FIG. 3 is a cross-sectional side view of an embodiment of a multi-plug launching system disposed within a tubular, in accordance with an embodiment of the present techniques;

FIG. 4 is a cross-sectional side view, taken within line 4-4 of FIG. 3, illustrating a coupling between a top plug assembly and a bottom plug assembly of the multi-plug launching system, in accordance with an embodiment of the present techniques;

FIG. 5 is a side view of a top plug assembly of a multi-plug launching system, in accordance with an embodiment of present techniques;

FIG. 6 is a cross-sectional side view, taken along line 6-6 of FIG. 5, of the top plug assembly of a multi-plug launching system, in accordance with an embodiment of the present techniques;

FIG. 7 is a side view of a bottom plug assembly of a multi-plug launching system, in accordance with an embodiment of present techniques;

FIG. 8 is a cross-sectional side view, taken along line 8-8 of FIG. 7, of the bottom plug assembly of a multi-plug launching system, in accordance with an embodiment of the present techniques;

FIG. 9 is a cross-sectional side view of another embodiment of the bottom plug assembly of a multi-plug launching system, in accordance with an embodiment of the present techniques;

FIG. 10 is a cross-sectional side view of the multi-plug launching system disposed within a tubular string, illustrating operation of the multi-plug launching system, in accordance with an embodiment of the present techniques;

FIG. 11 is a cross-sectional side view of the multi-plug launching system disposed within a tubular string, illustrating operation of the multi-plug launching system, in accordance with an embodiment of the present techniques;

FIG. 12 is a cross-sectional side view of the multi-plug launching system disposed within a tubular string, illustrating operation of the multi-plug launching system, in accordance with an embodiment of the present techniques;

FIG. 13 is a cross-sectional side view of a bottom plug assembly of the multi-plug launching system disposed within a tubular string, illustrating the bottom plug assembly launched to the bottom of the tubular string, in accordance with an embodiment of the present techniques;

FIG. 14 is a cross-sectional side view of the multi-plug launching system disposed within a tubular string, illustrating operation of the multi-plug launching system, in accordance with an embodiment of the present techniques; and

FIG. 15 is a cross-sectional side view of the multi-plug launching system disposed within a tubular string, illustrating operation of the multi-plug launching system, in accordance with an embodiment of the present techniques.

DETAILED DESCRIPTION

Present embodiments provide a system and method for launching multiple cement plugs within a casing or other tubular. For example, during casing cementing operations, one or more plugs (e.g., cement plugs) are used to substantially remove drilling mud from an interior surface of wellbore tubulars (e.g., casing) prior to a cementing process. Similarly, one or more plugs may be used to separate cement from displacement fluid and/or separate cement from drilling mud as the plug is launched to substantially remove cement from the interior surface of wellbore tubulars (e.g., casing). Additionally, in certain embodiments, multiple cement plugs may be used in systems where cements of different density or constituency are used to seal and set different sections of a well. Present embodiments include a multi-plug launching system having a first plug (e.g., a bottom plug) and a second plug (e.g., a top plug) that are coupled to one another. However, additional numbers of plugs may be used in accordance with the present techniques. The second plug (e.g., the top plug) is also coupled to an adapter assembly to enable coupling of the first plug and the second plug to a tubular gripping system (e.g., a casing running tool). With the first and second plugs coupled to the tubular gripping system, the multi-plug launching system may be inserted into (e.g., “stabbed” into) a tubular string (e.g., casing). The first and second plugs each include a port to allow a fluid (e.g., spacer fluid, cement, etc.) to pass through the plugs and into the casing or tubular.

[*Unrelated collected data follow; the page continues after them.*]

lemma hmult3_add_left: "hmult3 (S + S') T = hmult3 S T + hmult3 S' T"
  by (rule ext, clarsimp simp: hmult3_apply distrib_right sum.distrib split_def)
lemma hmult3_add_right: "hmult3 S (T + T') = hmult3 S T + hmult3 S T'"
  by (rule ext, clarsimp simp: hmult3_apply distrib_left distrib_right sum.distrib split_def)
lemma hmult3_diff_left: "hmult3 (S - S') T = hmult3 S T - hmult3 S' T"
  by (rule ext, clarsimp simp: hmult3_apply left_diff_distrib sum_subtractf split_def)
lemma hmult3_diff_right: "hmult3 S (T - T') = hmult3 S T - hmult3 S T'"
  by (rule ext, clarsimp simp: hmult3_apply right_diff_distrib left_diff_distrib sum_subtractf split_def)
lemma hmult3_sc_left: "hmult3 (sc c S) T = sc c (hmult3 S T)"
  by (rule ext, clarsimp simp: hmult3_apply sc_apply sum_distrib_left split_def mult.assoc)
lemma hmult3_sc_right: "hmult3 S (sc c T) = sc c (hmult3 S T)"
  by (rule ext, clarsimp simp: hmult3_apply sc_apply sum_distrib_left split_def mult_ac)

lemma sum6_reorder: "(\<Sum>p\<in>A. \<Sum>q\<in>A. \<Sum>r\<in>A. \<Sum>p'\<in>A. \<Sum>q'\<in>A. \<Sum>r'\<in>A. f p q r p' q' r') =
   (\<Sum>p\<in>A. \<Sum>p'\<in>A. \<Sum>q\<in>A. \<Sum>q'\<in>A. \<Sum>r\<in>A. \<Sum>r'\<in>A. f p q r p' q' r')"
proof (rule sum.cong[OF refl])
  fix p
  have "(\<Sum>q\<in>A. \<Sum>r\<in>A. \<Sum>p'\<in>A. \<Sum>q'\<in>A. \<Sum>r'\<in>A. f p q r p' q' r') =
     (\<Sum>q\<in>A. \<Sum>p'\<in>A. \<Sum>r\<in>A. \<Sum>q'\<in>A. \<Sum>r'\<in>A. f p q r p' q' r')"
    by (rule sum.cong[OF refl], rule sum.swap)
  also have "\<dots> = (\<Sum>p'\<in>A. \<Sum>q\<in>A. \<Sum>r\<in>A. \<Sum>q'\<in>A. \<Sum>r'\<in>A. f p q r p' q' r')"
    by (rule sum.swap)
  also have "\<dots> = (\<Sum>p'\<in>A. \<Sum>q\<in>A. \<Sum>q'\<in>A. \<Sum>r\<in>A. \<Sum>r'\<in>A. f p q r p' q' r')"
    by (rule sum.cong[OF refl], rule sum.cong[OF refl], rule sum.swap)
  finally show "(\<Sum>q\<in>A. \<Sum>r\<in>A. \<Sum>p'\<in>A. \<Sum>q'\<in>A. \<Sum>r'\<in>A. f p q r p' q' r') =
     (\<Sum>p'\<in>A. \<Sum>q\<in>A. \<Sum>q'\<in>A. \<Sum>r\<in>A. \<Sum>r'\<in>A. f p q r p' q' r')" .
qed
(* Let $E/F$ be a quadratic extension of fields of characteristic $0$ and $\beta\in\mathrm{GL}_n(E)$ skew-Hermitian. Suppose $A'\in\mathfrak h_n^\beta(F)$ is regular semisimple and $A'=\bar a a$ for some $a\in\mathrm{GL}_n(E)$. Then $A'=\beta^{-1}\zeta^*\beta\zeta$ for some $\zeta\in\mathrm{GL}_n(E)$.
   Context: $x\mapsto\bar x$ is the nontrivial automorphism of $E/F$ (entrywise on matrices), $g^*={}^t\bar g$, $\beta^*=-\beta$. $\mathfrak h_n^\beta(F)$ is the set of $A'\in\mathrm{Mat}_n(E)$ with $A'^*=\beta A'\beta^{-1}$. *)

theory Defs
  imports "Jordan_Normal_Form.Char_Poly" "HOL-Computational_Algebra.Polynomial"
begin

text \<open>The quadratic extension E/F is modelled by a field type 'e of characteristic 0
together with its nontrivial F-automorphism sigma (x maps to x-bar): sigma is a ring
automorphism of E of order exactly 2, and F is its fixed field.  By Artin's theorem
this is the same as a quadratic extension E/F together with its nontrivial automorphism.\<close>

definition quad_conj :: "('e::field \<Rightarrow> 'e) \<Rightarrow> bool" where
  "quad_conj \<sigma> \<longleftrightarrow>
     (\<forall>x y. \<sigma> (x + y) = \<sigma> x + \<sigma> y) \<and>
     (\<forall>x y. \<sigma> (x * y) = \<sigma> x * \<sigma> y) \<and>
     \<sigma> 1 = 1 \<and>
     (\<forall>x. \<sigma> (\<sigma> x) = x) \<and>
     (\<exists>x. \<sigma> x \<noteq> x)"

definition mbar :: "('e \<Rightarrow> 'e) \<Rightarrow> 'e mat \<Rightarrow> 'e mat" where
  "mbar \<sigma> A = map_mat \<sigma> A"

definition mstar :: "('e \<Rightarrow> 'e) \<Rightarrow> 'e mat \<Rightarrow> 'e mat" where
  "mstar \<sigma> A = transpose_mat (map_mat \<sigma> A)"

definition GLn :: "nat \<Rightarrow> 'e::field mat set" where
  "GLn n = {A. A \<in> carrier_mat n n \<and> invertible_mat A}"

definition minv :: "nat \<Rightarrow> 'e::field mat \<Rightarrow> 'e mat" where
  "minv n A = (THE B. B \<in> carrier_mat n n \<and> A * B = 1\<^sub>m n \<and> B * A = 1\<^sub>m n)"

definition skew_hermitian :: "('e::field \<Rightarrow> 'e) \<Rightarrow> 'e mat \<Rightarrow> bool" where
  "skew_hermitian \<sigma> \<beta> \<longleftrightarrow> mstar \<sigma> \<beta> = - \<beta>"

definition h_beta :: "('e::field \<Rightarrow> 'e) \<Rightarrow> nat \<Rightarrow> 'e mat \<Rightarrow> 'e mat set" where
  "h_beta \<sigma> n \<beta> = {A. A \<in> carrier_mat n n \<and> mstar \<sigma> A = \<beta> * A * minv n \<beta>}"

text \<open>Regular semisimple: the characteristic polynomial has n distinct roots over an
algebraic closure, i.e. it is separable (coprime to its derivative).\<close>
definition regular_semisimple :: "'e::field mat \<Rightarrow> bool" where
  "regular_semisimple A \<longleftrightarrow> coprime (char_poly A) (pderiv (char_poly A))"

end

theory Submission
  imports Defs
begin

text \<open>
  Put \<open>S = a\<^sup>T \<beta>\<close>. From \<open>A'\<^sup>* = \<beta> A' \<beta>\<^sup>-\<^sup>1\<close> and \<open>A' = conj(a) a\<close> one gets
  \<open>S A' = A'\<^sup>T S\<close>. For a regular semisimple \<open>A'\<close> every such intertwiner is symmetric: the
  skew part \<open>K\<close> of \<open>S\<close> intertwines as well, and with \<open>R\<close> the adjugate of \<open>x I - A'\<close>,
  Jacobi's theorem on the 2 x 2 minors of \<open>R\<close> shows that the characteristic polynomial \<open>f\<close>
  divides \<open>f' K R\<close>. As \<open>f\<close> and \<open>f'\<close> are coprime, \<open>K R = f Z\<close>, i.e. \<open>Z (x I - A') = K\<close>, which
  forces \<open>K = 0\<close>. Conjugating \<open>S = S\<^sup>T\<close> gives \<open>a\<^sup>* \<beta>\<^sup>T = \<beta> conj(a)\<close>.
  On the other hand a skew-Hermitian \<open>\<beta>\<close> is congruent to a symmetric matrix (split off
  anisotropic vectors, which exist as \<open>\<sigma> \<noteq> id\<close> and 2 is invertible), and hence
  \<open>Q\<^sup>* \<beta> Q = \<beta>\<^sup>T\<close> for some invertible \<open>Q\<close>. Then \<open>\<zeta> = Q a\<close> satisfies
  \<open>\<zeta>\<^sup>* \<beta> \<zeta> = a\<^sup>* \<beta>\<^sup>T a = \<beta> conj(a) a = \<beta> A'\<close>.
\<close>

section \<open>Jacobi's theorem on the minors of the adjugate\<close>

lemma permutes_fixing_all_but_two:
  assumes p: "p permutes {0..<n}" and i: "i < n" and k: "k < n" and ik: "i \<noteq> k"
    and fix_other: "\<And>r. r < n \<Longrightarrow> p r \<noteq> i \<Longrightarrow> p r \<noteq> k \<Longrightarrow> p r = r"
  shows "p = id \<or> p = Transposition.transpose i k"
proof -
  have inj: "inj p" using p permutes_inj by blast
  have "p i \<in> {i, k}" and "p k \<in> {i, k}"
    using fix_other[OF i] fix_other[OF k] ik by auto
  then have swap_or_fix: "(p i = i \<and> p k = k) \<or> (p i = k \<and> p k = i)"
    using inj ik by (auto dest: injD)
  have other: "p r = r" if "r \<noteq> i" "r \<noteq> k" for r
  proof (cases "r < n")
    case True
    have "p r \<noteq> i" "p r \<noteq> k" using swap_or_fix that inj by (metis injD)+
    then show ?thesis using fix_other[OF True] by simp
  next
    case False
    then show ?thesis using p unfolding permutes_def by auto
  qed
  show ?thesis
  proof (cases "p i = i")
    case True
    then show ?thesis using swap_or_fix other by (metis eq_id_iff)
  next
    case False
    then show ?thesis using swap_or_fix other by (auto simp: fun_eq_iff Transposition.transpose_def)
  qed
qed

definition two_columns_replaced :: "'a mat \<Rightarrow> nat \<Rightarrow> nat \<Rightarrow> 'a vec \<Rightarrow> 'a vec \<Rightarrow> 'a mat" where
  "two_columns_replaced B i k u v = mat (dim_row B) (dim_col B)
     (\<lambda>(r, c). if c = i then u $ r else if c = k then v $ r else B $$ (r, c))"

lemma two_columns_replaced_carrier [simp]:
  "B \<in> carrier_mat m n \<Longrightarrow> two_columns_replaced B i k u v \<in> carrier_mat m n"
  unfolding two_columns_replaced_def by simp

lemma det_two_columns_replaced_one:
  fixes u v :: "'a::comm_ring_1 vec"
  assumes i: "i < n" and k: "k < n" and ik: "i \<noteq> k"
  shows "det (two_columns_replaced (1\<^sub>m n) i k u v) = u $ i * v $ k - u $ k * v $ i"
proof -
  define X where "X = two_columns_replaced (1\<^sub>m n) i k u v"
  have X: "X \<in> carrier_mat n n" unfolding X_def by simp
  have X_index: "X $$ (r, c) = (if c = i then u $ r else if c = k then v $ r else if r = c then 1 else 0)"
    if "r < n" "c < n" for r c
    using that unfolding X_def two_columns_replaced_def by simp
  let ?g = "\<lambda>p. signof p * (\<Prod>r = 0..<n. X $$ (r, p r))"
  let ?swap = "Transposition.transpose i k"
  have only_two: "p = id \<or> p = ?swap"
    if p: "p permutes {0..<n}" and nz: "(\<Prod>r = 0..<n. X $$ (r, p r)) \<noteq> 0" for p
  proof (rule permutes_fixing_all_but_two[OF p i k ik])
    fix r assume r: "r < n" and "p r \<noteq> i" "p r \<noteq> k"
    moreover have "X $$ (r, p r) \<noteq> 0" using nz r by (metis atLeastLessThan_iff finite_atLeastLessThan prod_zero zero_le)
    moreover have "p r < n" using p r by (simp add: permutes_in_image)
    ultimately show "p r = r" by (auto simp: X_index split: if_splits)
  qed
  have id_term: "(\<Prod>r = 0..<n. X $$ (r, r)) = u $ i * v $ k"
  proof -
    have "(\<Prod>r = 0..<n. X $$ (r, r)) = (\<Prod>r \<in> {i, k}. X $$ (r, r))"
      by (rule prod.mono_neutral_right) (use i k in \<open>auto simp: X_index\<close>)
    then show ?thesis using ik i k by (simp add: X_index)
  qed
  have swap_term: "(\<Prod>r = 0..<n. X $$ (r, ?swap r)) = v $ i * u $ k"
  proof -
    have "(\<Prod>r = 0..<n. X $$ (r, ?swap r)) = (\<Prod>r \<in> {i, k}. X $$ (r, ?swap r))"
      by (rule prod.mono_neutral_right)
        (use i k in \<open>auto simp: X_index Transposition.transpose_def\<close>)
    then show ?thesis using ik i k by (simp add: X_index Transposition.transpose_def)
  qed
  have "det X = sum ?g {p. p permutes {0..<n}}" by (rule det_def'[OF X])
  also have "\<dots> = sum ?g {id, ?swap}"
    by (rule sum.mono_neutral_right[OF finite_permutations[OF finite_atLeastLessThan]])
      (use i k only_two in \<open>force intro: permutes_swap_id\<close>)+
  also have "\<dots> = ?g id + ?g ?swap"
    using ik by (subst sum.insert) (auto simp: fun_eq_iff Transposition.transpose_def)
  also have "\<dots> = u $ i * v $ k - u $ k * v $ i"
    using id_term swap_term ik by (simp add: sign_swap_id)
  finally show ?thesis unfolding X_def .
qed
(* Let $(Q,f)$ be a triangulation quiver with at least three vertices. The following are equivalent: (i) $(Q,f)$ is the tetrahedral triangulation quiver; (ii) $n_\alpha=3$ for every arrow $\alpha\in Q_1$; (iii) $g^3$ is the identity on $Q_1$; (iv) there is an arrow $\beta\in Q_1$ with $n_\beta=n_{\bar\beta}=n_{f(\beta)}=n_{f(\bar\beta)}=3$.
   Context: A triangulation quiver is $(Q,f)$ with $Q$ a finite connected quiver, each vertex the source and target of exactly two arrows, and $f$ a permutation of $Q_1$ with $s(f(\alpha))=t(\alpha)$ and $f^3=\mathrm{id}$. For $\alpha\in Q_1$, $\bar\alpha$ is the other arrow with source $s(\alpha)$, $g(\alpha)=\overline{f(\alpha)}$, and $n_\alpha$ is the size of the $g$-orbit of $\alpha$. The tetrahedral triangulation quiver has vertices $1,\dots,6$, arrows $\alpha:3\to1,\beta:4\to2,\gamma:4\to1,\delta:1\to5,\varepsilon:2\to5,\eta:5\to4,\xi:5\to3,\varrho:2\to6,\sigma:3\to2,\mu:6\to3,\nu:1\to6,\omega:6\to4$ and $f$-orbits $(\alpha\,\nu\,\mu),(\beta\,\varrho\,\omega),(\gamma\,\delta\,\eta),(\varepsilon\,\xi\,\sigma)$; (i) means isomorphic to it as a quiver with permutation. *)

theory Defs
  imports Main
begin

definition quiver_connected :: "'v set \<Rightarrow> 'a set \<Rightarrow> ('a \<Rightarrow> 'v) \<Rightarrow> ('a \<Rightarrow> 'v) \<Rightarrow> bool" where
  "quiver_connected V A s t \<longleftrightarrow>
     (\<forall>u\<in>V. \<forall>w\<in>V. (u, w) \<in> ({(s a, t a) | a. a \<in> A} \<union> {(t a, s a) | a. a \<in> A})\<^sup>*)"

definition triangulation_quiver ::
  "'v set \<Rightarrow> 'a set \<Rightarrow> ('a \<Rightarrow> 'v) \<Rightarrow> ('a \<Rightarrow> 'v) \<Rightarrow> ('a \<Rightarrow> 'a) \<Rightarrow> bool" where
  "triangulation_quiver V A s t f \<longleftrightarrow>
     finite V \<and> finite A \<and> V \<noteq> {} \<and>
     (\<forall>a\<in>A. s a \<in> V \<and> t a \<in> V) \<and>
     quiver_connected V A s t \<and>
     (\<forall>v\<in>V. card {a\<in>A. s a = v} = 2 \<and> card {a\<in>A. t a = v} = 2) \<and>
     bij_betw f A A \<and>
     (\<forall>a\<in>A. s (f a) = t a) \<and>
     (\<forall>a\<in>A. f (f (f a)) = a)"

definition bar :: "'a set \<Rightarrow> ('a \<Rightarrow> 'v) \<Rightarrow> 'a \<Rightarrow> 'a" where
  "bar A s a = (THE b. b \<in> A \<and> s b = s a \<and> b \<noteq> a)"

After a casing running operation is completed, the casing string within the wellbore may be filled with drilling mud. Prior to beginning a casing cementing process, a first solid ball (e.g., small solid ball) is launched to occlude the port of the bottom plug. Thereafter, a cement slurry and/or a spacer fluid is pumped through the second plug (e.g., top plug) and behind the first solid ball and bottom plug, thereby creating pressure and causing shear screws coupling the bottom plug to the top plug to shear and launch the bottom plug down the casing string. After the bottom plug is launched, cement is pumped through the top plug and behind the bottom plug to drive the bottom plug down the casing or tubular string until the bottom plug reaches the bottom of the casing or tubular string. As discussed below, the bottom plug may include rupture disks that occlude additional ports of the bottom plug. The cement may be pumped through the top plug and into the casing until the rupture disks of the bottom plug at the bottom of the casing shatter and open the additional ports. With the additional ports of the bottom plug opened, the cement may flow out of the casing string and into an annulus between the casing string and the wellbore.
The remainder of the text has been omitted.